Studio album by Drapht
- Released: 1 April 2011
- Recorded: 2011
- Genre: Australian hip hop
- Label: The Ayems

Drapht chronology
| Brothers Grimm (2008) | The Life of Riley (2011) | Seven Mirrors (2016) |

= The Life of Riley (album) =

The Life of Riley is the fourth album by Australian hip hop artist, Drapht. The songs were recorded in Drapht's home studio and was released in April 2011 on Drapht's own label The Ayems. The album debuted at number 1 on the ARIA Albums Chart. The album features contributions from Briggs, N'fa, Funkoars and Urthboy. Drapht believes that this album was the toughest project in his career.

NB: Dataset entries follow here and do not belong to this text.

lemma sum_div_cbinom_eq_sum:
  fixes f g :: "nat \<Rightarrow> complex"
  assumes hyp: "\<forall>t. (\<Sum>k=l1..u1. f k * (1 - t) ^ k) = (\<Sum>k=l2..u2. g k * t ^ k)"
    and s: "s \<notin> \<int>\<^sub>\<le>\<^sub>0"
  shows "(\<Sum>k=l1..u1. f k / cbinom (of_nat k + s) s) = (\<Sum>k=l2..u2. g k * s / (of_nat k + s))"
proof -
  have "s + 1 \<notin> \<int>\<^sub>\<le>\<^sub>0" using s plus_one_in_nonpos_Ints_imp by blast
  then show ?thesis
    using sum_coeff_pairing_one_minus_X_pow[OF hyp, of "recip_weight s"] s
    by (simp add: coeff_pairing_recip_weight cbinom_of_nat_add recip_weight_def)
qed

lemma sum_harm_div_cbinom_eq_sum:
  fixes f g :: "nat \<Rightarrow> complex"
  assumes hyp: "\<forall>t. (\<Sum>k=l1..u1. f k * (1 - t) ^ k) = (\<Sum>k=l2..u2. g k * t ^ k)"
    and s: "s \<notin> \<int>\<^sub>\<le>\<^sub>0"
  shows "(\<Sum>k=l1..u1. f k * (Hc s - harm k) / cbinom (of_nat k + s) s)
    = (\<Sum>k=l2..u2. g k * (s + 1) / (of_nat k + s))
      + (\<Sum>k=l2..u2. g k * s * (Hc (of_nat k + s - 1) - 1) / (of_nat k + s))"
proof -
  have "s + 1 \<notin> \<int>\<^sub>\<le>\<^sub>0" using s plus_one_in_nonpos_Ints_imp by blast
  then have "(\<Sum>k=l1..u1. f k * (Hc s - harm k) / cbinom (of_nat k + s) s)
      = (\<Sum>k=l2..u2. g k * harm_weight s k)"
    using sum_coeff_pairing_one_minus_X_pow[OF hyp, of "harm_weight s"] s
    by (simp add: coeff_pairing_harm_weight cbinom_of_nat_add mult.assoc)
  also have "\<dots> = (\<Sum>k=l2..u2. g k * (s + 1) / (of_nat k + s)
      + g k * s * (Hc (of_nat k + s - 1) - 1) / (of_nat k + s))"
    by (rule sum.cong) (simp_all add: harm_weight_def add_divide_distrib[symmetric] algebra_simps)
  finally show ?thesis
    by (simp add: sum.distrib)
qed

At the J Awards of 2011, the album was nominated for Australian Album of the Year.

==Track listing==

| No. | Title | Length |
|---|---|---|
| 1. | "Intro" | 0:16 |
| 2. | "Sing It (The Life of Riley)" | 4:06 |
| 3. | "Down" | 4:22 |
| 4. | "Rapunzel" | 3:22 |
| 5. | "The Eulogy" (featuring Briggs) | 0:56 |
| 6. | "R.I.P J.R" | 3:47 |
| 7. | "Won't Listen When" | 2:55 |
| 8. | "People Don't Know" | 3:58 |
| 9. | "Bali Party" (featuring N'fa) | 3:03 |
| 10. | "Skit" | 1:43 |
| 11. | "Air Guitar" | 3:44 |
| 12. | "The Paul the Dan" (featuring Trials) | 3:13 |
| 13. | "Murder Murder" | 3:56 |
| 14. | "Take the Party with Us" (featuring Funkoars) | 4:52 |
| 15. | "Good Morning" | 4:07 |
| 16. | "We Own the Night" (featuring Mantra and Urthboy) | 4:13 |
| 17. | "On and On" | 4:00 |
| 18. | "Good Morning" (Elgusto Remix) (iTunes bonus track) | 3:39 |

==Charts==

===Weekly charts===

| Chart (2011) | Peak position |
|---|---|
| Australian Albums (ARIA) | 1 |

===Year-end charts===

| Chart (2011) | Position |
|---|---|
| Australian Albums (ARIA) | 42 |

==Certifications==

| Region | Certification | Certified units/sales |
| Australia (ARIA) | Platinum | 70,000^{^} |
^{^} Shipments figures based on certification alone.